- The Washington Times - Monday, September 9, 2019

Trump-bashing has become a tradition in broadcast news, with anchors, correspondents and pundits supplying near non-stop negative coverage of President Trump and his administration. The coverage has been, on average, 90% negative according to a series of studies by the Media Research Center.

These days, the Democratic presidential hopefuls are paying a price for this obsession. Networks’ “fixation on Trump” is leaving comparatively little airtime for his would-be presidential challengers, the conservative press watch dog says in a new analysis released Monday.

“From June 1 through August 31, analysts found the networks devoted 838 minutes of airtime — nearly 14 hours — to coverage of President Trump personally, the vast majority of which was negative,” writes Rich Noyes, who led the study.

“The airtime devoted to Trump was eleven times greater than that spent on the leading Democratic candidate, former Vice President Joe Biden (just under 74 minutes), and vastly more than the networks gave California Senator Kamala Harris (30 minutes), South Bend Mayor Pete Buttigieg (15 minutes) or Massachusetts Senator Elizabeth Warren (just under 14 minutes),” Mr.

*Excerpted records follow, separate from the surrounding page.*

(* Let $n\ge2$, let $g^{ij}=\delta^{i,n+1-j}$ be the anti-diagonal constant contravariant metric on $\mathbb R^n$, and let $S_0=\sum_{i=0}^{n-2}\xi_i\mu^{(n;i)}$ with constants $\xi_i$ and $\xi_0\neq0$. Then: (1) if $n\not\equiv1\pmod 3$, there exists an orthogonal transformation (a change of coordinates preserving $g$) which brings $S_0$ to $\mu^{(n;0)}$; (2) if $n\equiv1\pmod3$ and $n\neq4$, there exists an orthogonal transformation which brings $S_0$ to $\mu^{(n;0)}+\kappa\,\mu^{(n;\frac{n-1}{3})}$ for some constant $\kappa$.
   Context: For integers $n\ge1$, $k\ge0$ the symmetric bivector $\mu^{(n;k)}$ has components $\mu^{(n;k)ij}=[3(i+j)-2(n+2-k)]\,u^{i+j-1+k}$, $i,j=1,\dots,n$, with the convention $u^\beta\equiv0$ for $\beta>n$. Bivectors are transformed by coordinate changes in the usual tensorial way. *)

theory Defs
  imports Complex_Main
begin

text \<open>Points of R^n are functions u :: nat \<Rightarrow> real, only coordinates 1..n matter.
  A bivector field is S :: (nat \<Rightarrow> real) \<Rightarrow> nat \<Rightarrow> nat \<Rightarrow> real, S u i j = S^{ij}(u),
  indices i, j in 1..n.\<close>

definition mu :: "nat \<Rightarrow> nat \<Rightarrow> (nat \<Rightarrow> real) \<Rightarrow> nat \<Rightarrow> nat \<Rightarrow> real" where
  "mu n k u i j =
     (if i + j - 1 + k \<le> n
      then (3 * (real i + real j) - 2 * (real n + 2 - real k)) * u (i + j - 1 + k)
      else 0)"

definition gmet :: "nat \<Rightarrow> nat \<Rightarrow> nat \<Rightarrow> real" where
  "gmet n i j = (if i + j = n + 1 then 1 else 0)"

text \<open>Linear change of coordinates v^a = sum_i A a i u^i preserving g (tensorial law).\<close>
definition orthogonal_g :: "nat \<Rightarrow> (nat \<Rightarrow> nat \<Rightarrow> real) \<Rightarrow> bool" where
  "orthogonal_g n A \<longleftrightarrow>
     (\<forall>a\<in>{1..n}. \<forall>b\<in>{1..n}.
        (\<Sum>i=1..n. \<Sum>j=1..n. A a i * A b j * gmet n i j) = gmet n a b)"

definition transforms_to ::
  "nat \<Rightarrow> (nat \<Rightarrow> nat \<Rightarrow> real) \<Rightarrow> ((nat \<Rightarrow> real) \<Rightarrow> nat \<Rightarrow> nat \<Rightarrow> real)
       \<Rightarrow> ((nat \<Rightarrow> real) \<Rightarrow> nat \<Rightarrow> nat \<Rightarrow> real) \<Rightarrow> bool" where
  "transforms_to n A S T \<longleftrightarrow>
     (\<forall>u. \<forall>a\<in>{1..n}. \<forall>b\<in>{1..n}.
        T (\<lambda>c. \<Sum>i=1..n. A c i * u i) a b
          = (\<Sum>i=1..n. \<Sum>j=1..n. A a i * A b j * S u i j))"

end

theory Submission
  imports Defs "HOL-Computational_Algebra.Formal_Power_Series"
begin

text \<open>
  The diagonal change \<open>u\<^sub>a \<mapsto> \<rho> \<tau>^(a-1) u\<^sub>a\<close> with \<open>\<rho>\<^sup>2 \<tau>^(n-1) = 1\<close> preserves \<open>g\<close> and multiplies
  \<open>\<mu>(n;k)\<close> by \<open>\<rho>/\<tau>^k\<close>, so the leading coefficient can be made \<open>1\<close>. For \<open>r \<ge> 1\<close> and any \<open>z\<close>, the
  unipotent change \<open>u\<^sub>a \<mapsto> \<Sum>\<^sub>p z^p (-w\<^sub>a choose p) u\<^bsub>a+pr\<^esub>\<close>, \<open>w\<^sub>a = (a - 1 - (n-1-r)/2)/r\<close>,
  preserves \<open>g\<close> and sends \<open>\<mu>(n;k)\<close> to \<open>\<Sum>\<^sub>P z^P (-1)^P (-A\<^sub>k choose P) \<mu>(n;k+Pr)\<close> with
  \<open>A\<^sub>k = (n-1+2k-3r)/(2r)\<close>. Both facts are Vandermonde-type identities, because the components
  of \<open>g\<close> and of every \<open>\<mu>(n;k)\<close> depend only on \<open>i + j\<close>. This change keeps the coefficients of
  \<open>\<mu>(n;j)\<close> for \<open>j < r\<close> and adds \<open>z A\<^sub>0\<close> to that of \<open>\<mu>(n;r)\<close>, which can thus be killed unless
  \<open>A\<^sub>0 = 0\<close>, i.e. \<open>n = 3r + 1\<close>. Eliminating \<open>r = 1, \<dots>, n - 1\<close> in turn leaves \<open>\<mu>(n;0)\<close>, plus a
  multiple of \<open>\<mu>(n;(n-1)/3)\<close> when \<open>n mod 3 = 1\<close>.
\<close>

lemma gbinomial_Vandermonde_neg_shift:
  fixes A y :: real
  shows "(\<Sum>P=0..L. (-1)^P * ((-A) gchoose P) * ((y - A - 1 - of_nat P) gchoose (L - P)))
         = (y - 1) gchoose L"
proof -
  have "(\<Sum>P=0..L. (-1)^P * ((-A) gchoose P) * ((y - A - 1 - of_nat P) gchoose (L - P)))
      = (\<Sum>P=0..L. (-1)^L * (((-A) gchoose P) * ((of_nat L - y + A) gchoose (L - P))))"
  proof (rule sum.cong[OF refl])
    fix P assume P: "P \<in> {0..L}"
    have upper: "of_nat (L - P) - (y - A - 1 - of_nat P) - 1 = (of_nat L - y + A :: real)"
      using P by (simp add: of_nat_diff)
    have "(y - A - 1 - of_nat P) gchoose (L - P)
        = (-1)^(L-P) * ((of_nat L - y + A) gchoose (L - P))"
      by (subst gbinomial_negated_upper) (simp only: upper)
    moreover have "(-1::real)^P * (-1)^(L-P) = (-1)^L"
      using P by (simp add: power_add[symmetric])
    ultimately show "(-1)^P * ((-A) gchoose P) * ((y - A - 1 - of_nat P) gchoose (L - P))
      = (-1)^L * (((-A) gchoose P) * ((of_nat L - y + A) gchoose (L - P)))"
      by (metis (no_types, lifting) mult.assoc mult.left_commute)
  qed
  also have "\<dots> = (-1)^L * ((of_nat L - y) gchoose L)"
    by (simp add: sum_distrib_left[symmetric] gbinomial_Vandermonde)
  also have "\<dots> = (y - 1) gchoose L"
    by (subst (2) gbinomial_negated_upper) simp
  finally show ?thesis .
qed

lemma gbinomial_Vandermonde_neg_shift_weighted:
  fixes A y :: real
  shows "(\<Sum>P=0..Suc L. of_nat P * ((-1)^P * ((-A) gchoose P))
            * ((y - A - 1 - of_nat P) gchoose (Suc L - P)))
         = A * ((y - 1) gchoose L)"
proof -
  have absorb: "of_nat (Suc P) * ((-1)^Suc P * ((-A) gchoose Suc P))
              = A * ((-1)^P * ((-(A+1)) gchoose P))" for P
  proof -
    have "of_nat (Suc P) * ((-A) gchoose Suc P) = - A * ((-(A+1)) gchoose P)"
      using gbinomial_absorption[of P "-A"] by simp
    then show ?thesis
      by (simp only: mult.left_commute[of "of_nat (Suc P)"]) simp
  qed
  have "(\<Sum>P=0..Suc L. of_nat P * ((-1)^P * ((-A) gchoose P))
            * ((y - A - 1 - of_nat P) gchoose (Suc L - P)))
      = (\<Sum>P=0..L. of_nat (Suc P) * ((-1)^Suc P * ((-A) gchoose Suc P))
            * ((y - A - 1 - of_nat (Suc P)) gchoose (Suc L - Suc P)))"
    by (subst sum.atLeast0_atMost_Suc_shift) (simp only: of_nat_0 mult_zero_left add_0 o_def)
  also have "\<dots> = (\<Sum>P=0..L. A * ((-1)^P * ((-(A+1)) gchoose P)
            * ((y - (A+1) - 1 - of_nat P) gchoose (L - P))))"
  proof (rule sum.cong[OF refl])
    fix P
    have "y - A - 1 - of_nat (Suc P) = y - (A+1) - 1 - of_nat P" by simp
    then show "of_nat (Suc P) * ((-1)^Suc P * ((-A) gchoose Suc P))
            * ((y - A - 1 - of_nat (Suc P)) gchoose (Suc L - Suc P))
        = A * ((-1)^P * ((-(A+1)) gchoose P) * ((y - (A+1) - 1 - of_nat P) gchoose (L - P)))"
      by (simp only: absorb diff_Suc_Suc mult.assoc)
  qed
  also have "\<dots> = A * ((y - 1) gchoose L)"
    by (simp only: sum_distrib_left[symmetric] gbinomial_Vandermonde_neg_shift)
  finally show ?thesis .
qed

lemma gbinomial_shift_identity:
  fixes A y C r :: real
  assumes "C = 2*r*A - 3*r*y"
  shows "(\<Sum>P=0..L. (-1)^P * ((-A) gchoose P) * (C + 2 * of_nat P * r)
            * ((y - A - 1 - of_nat P) gchoose (L - P)))
         = (C + 3 * of_nat L * r) * (y gchoose L)"
proof (cases L)
  case 0
  then show ?thesis by simp
next
  case (Suc L')
  have "(\<Sum>P=0..L. (-1)^P * ((-A) gchoose P) * (C + 2 * of_nat P * r)
            * ((y - A - 1 - of_nat P) gchoose (L - P)))
     = C * (\<Sum>P=0..L. (-1)^P * ((-A) gchoose P) * ((y - A - 1 - of_nat P) gchoose (L - P)))
       + 2 * r * (\<Sum>P=0..L. of_nat P * ((-1)^P * ((-A) gchoose P))
            * ((y - A - 1 - of_nat P) gchoose (L - P)))"
    by (simp add: sum_distrib_left sum.distrib[symmetric] algebra_simps)
  also have "\<dots> = C * ((y-1) gchoose Suc L') + 2 * r * A * ((y-1) gchoose L')"
    unfolding Suc gbinomial_Vandermonde_neg_shift gbinomial_Vandermonde_neg_shift_weighted
    by (simp only: mult.assoc)
  also have "\<dots> = C * ((y-1) gchoose Suc L') + C * ((y-1) gchoose L')
                     + 3 * r * (y * ((y-1) gchoose L'))"
    unfolding assms by (simp add: algebra_simps)
  also have "\<dots> = C * (y gchoose L) + 3 * r * (of_nat L * (y gchoose L))"
    using gbinomial_Suc_Suc[of "y-1" L'] gbinomial_absorption[of L' y] Suc
    by (simp add: algebra_simps)
  also have "\<dots> = (C + 3 * of_nat L * r) * (y gchoose L)"
    by (simp add: algebra_simps)
  finally show ?thesis .
qed

lemma gbinomial_pred_self: "(of_nat L - 1 :: real) gchoose L = (if L = 0 then 1 else 0)"
proof (cases L)
  case (Suc L')
  then have "(of_nat L - 1 :: real) gchoose L = of_nat (L' choose L)"
    by (simp add: binomial_gbinomial)
  then show ?thesis using Suc by simp
qed simp

definition bivector_transform ::
  "nat \<Rightarrow> (nat \<Rightarrow> nat \<Rightarrow> real) \<Rightarrow> (nat \<Rightarrow> nat \<Rightarrow> real) \<Rightarrow> nat \<Rightarrow> nat \<Rightarrow> real" where
  "bivector_transform n A M a b = (\<Sum>i=1..n. \<Sum>j=1..n. A a i * A b j * M i j)"

definition matrix_mult ::
  "nat \<Rightarrow> (nat \<Rightarrow> nat \<Rightarrow> real) \<Rightarrow> (nat \<Rightarrow> nat \<Rightarrow> real) \<Rightarrow> nat \<Rightarrow> nat \<Rightarrow> real" where
  "matrix_mult n B A c i = (\<Sum>l=1..n. B c l * A l i)"

lemma orthogonal_g_iff_bivector_transform:
  "orthogonal_g n A \<longleftrightarrow> (\<forall>a\<in>{1..n}. \<forall>b\<in>{1..n}. bivector_transform n A (gmet n) a b = gmet n a b)"
  unfolding orthogonal_g_def bivector_transform_def ..

lemma transforms_to_iff_bivector_transform:
  "transforms_to n A S T \<longleftrightarrow>
     (\<forall>u. \<forall>a\<in>{1..n}. \<forall>b\<in>{1..n}.
        T (\<lambda>c. \<Sum>i=1..n. A c i * u i) a b = bivector_transform n A (S u) a b)"
  unfolding transforms_to_def bivector_transform_def ..

lemma bivector_transform_cong:
  "(\<And>i j. i \<in> {1..n} \<Longrightarrow> j \<in> {1..n} \<Longrightarrow> M i j = M' i j)
   \<Longrightarrow> bivector_transform n A M a b = bivector_transform n A M' a b"
  unfolding bivector_transform_def by (intro sum.cong refl) simp

lemma bivector_transform_matrix_mult:
  "bivector_transform n (matrix_mult n B A) M a b
     = bivector_transform n B (bivector_transform n A M) a b"
proof -
  have "bivector_transform n (matrix_mult n B A) M a b
      = (\<Sum>i=1..n. \<Sum>j=1..n. \<Sum>a'=1..n. \<Sum>b'=1..n. B a a' * B b b' * (A a' i * A b' j * M i j))"
    unfolding bivector_transform_def matrix_mult_def
    by (simp only: sum_distrib_left sum_distrib_right)
      (rule sum.cong[OF refl], rule sum.cong[OF refl], subst sum.swap, simp add: mult_ac)
  also have "\<dots> = (\<Sum>a'=1..n. \<Sum>b'=1..n. \<Sum>i=1..n. \<Sum>j=1..n. B a a' * B b b' * (A a' i * A b' j * M i j))"
    by (subst (2) sum.swap, subst sum.swap)
      (rule sum.cong[OF refl], subst sum.swap, rule sum.cong[OF refl], rule sum.swap)
  also have "\<dots> = bivector_transform n B (bivector_transform n A M) a b"
    unfolding bivector_transform_def by (simp add: sum_distrib_left)
  finally show ?thesis .
qed

lemma orthogonal_g_matrix_mult:
  assumes "orthogonal_g n A" "orthogonal_g n B"
  shows "orthogonal_g n (matrix_mult n B A)"
  unfolding orthogonal_g_iff_bivector_transform
proof (intro ballI)
  fix a b assume "a \<in> {1..n}" "b \<in> {1..n}"
  then show "bivector_transform n (matrix_mult n B A) (gmet n) a b = gmet n a b"
    using assms unfolding bivector_transform_matrix_mult orthogonal_g_iff_bivector_transform
    by (subst bivector_transform_cong[of n _ "gmet n"]) auto
qed

lemma transforms_to_matrix_mult:
  assumes "transforms_to n A S T" "transforms_to n B T R"
  shows "transforms_to n (matrix_mult n B A) S R"
  unfolding transforms_to_iff_bivector_transform
proof (intro allI ballI)
  fix u a b assume ab: "a \<in> {1..n}" "b \<in> {1..n}"
  define v where "v l = (\<Sum>i=1..n. A l i * u i)" for l
  have "(\<lambda>c. \<Sum>i=1..n. matrix_mult n B A c i * u i) = (\<lambda>c. \<Sum>l=1..n. B c l * v l)"
    unfolding matrix_mult_def v_def sum_distrib_right sum_distrib_left
    by (subst sum.swap) (simp add: mult.assoc)
  then have "R (\<lambda>c. \<Sum>i=1..n. matrix_mult n B A c i * u i) a b = bivector_transform n B (T v) a b"
    using assms(2) ab unfolding transforms_to_iff_bivector_transform by simp
  also have "\<dots> = bivector_transform n B (bivector_transform n A (S u)) a b"
    using assms(1) unfolding transforms_to_iff_bivector_transform v_def
    by (intro bivector_transform_cong) auto
  finally show "R (\<lambda>c. \<Sum>i=1..n. matrix_mult n B A c i * u i) a b
      = bivector_transform n (matrix_mult n B A) (S u) a b"
    by (simp only: bivector_transform_matrix_mult)
qed

lemma transforms_to_cong:
  assumes "transforms_to n A S T" "\<And>u a b. a \<in> {1..n} \<Longrightarrow> b \<in> {1..n} \<Longrightarrow> T u a b = T' u a b"
  shows "transforms_to n A S T'"
  using assms unfolding transforms_to_def by auto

Noyes said.

“Overall, 21 Democratic candidates (including some who have since departed the race) shared 187 minutes of evening news airtime this summer, less than one-fourth of that of Trump alone,” he continued.



“On the GOP side, former Congressman Joe Walsh received a scant 35 seconds of coverage after he announced his candidacy in late August, while the campaign of former Massachusetts Governor William Weld has yet to be acknowledged by any of the three evening newscasts.”

The coverage, Mr. Noyes explains, is not meant to help Mr. Trump, with the content dwelling on “alleged scandals and racism” for the most part.

“The media mania over Trump is more intense than that of four summers ago, but the pattern is similar. After Trump joined the race in mid-June 2015, he immediately dominated network news coverage with 232 minutes of airtime, twice that of the leading Democrat, Hillary Clinton, and six times more than his nearest Republican challenger, Jeb Bush,” Mr. Noyes said.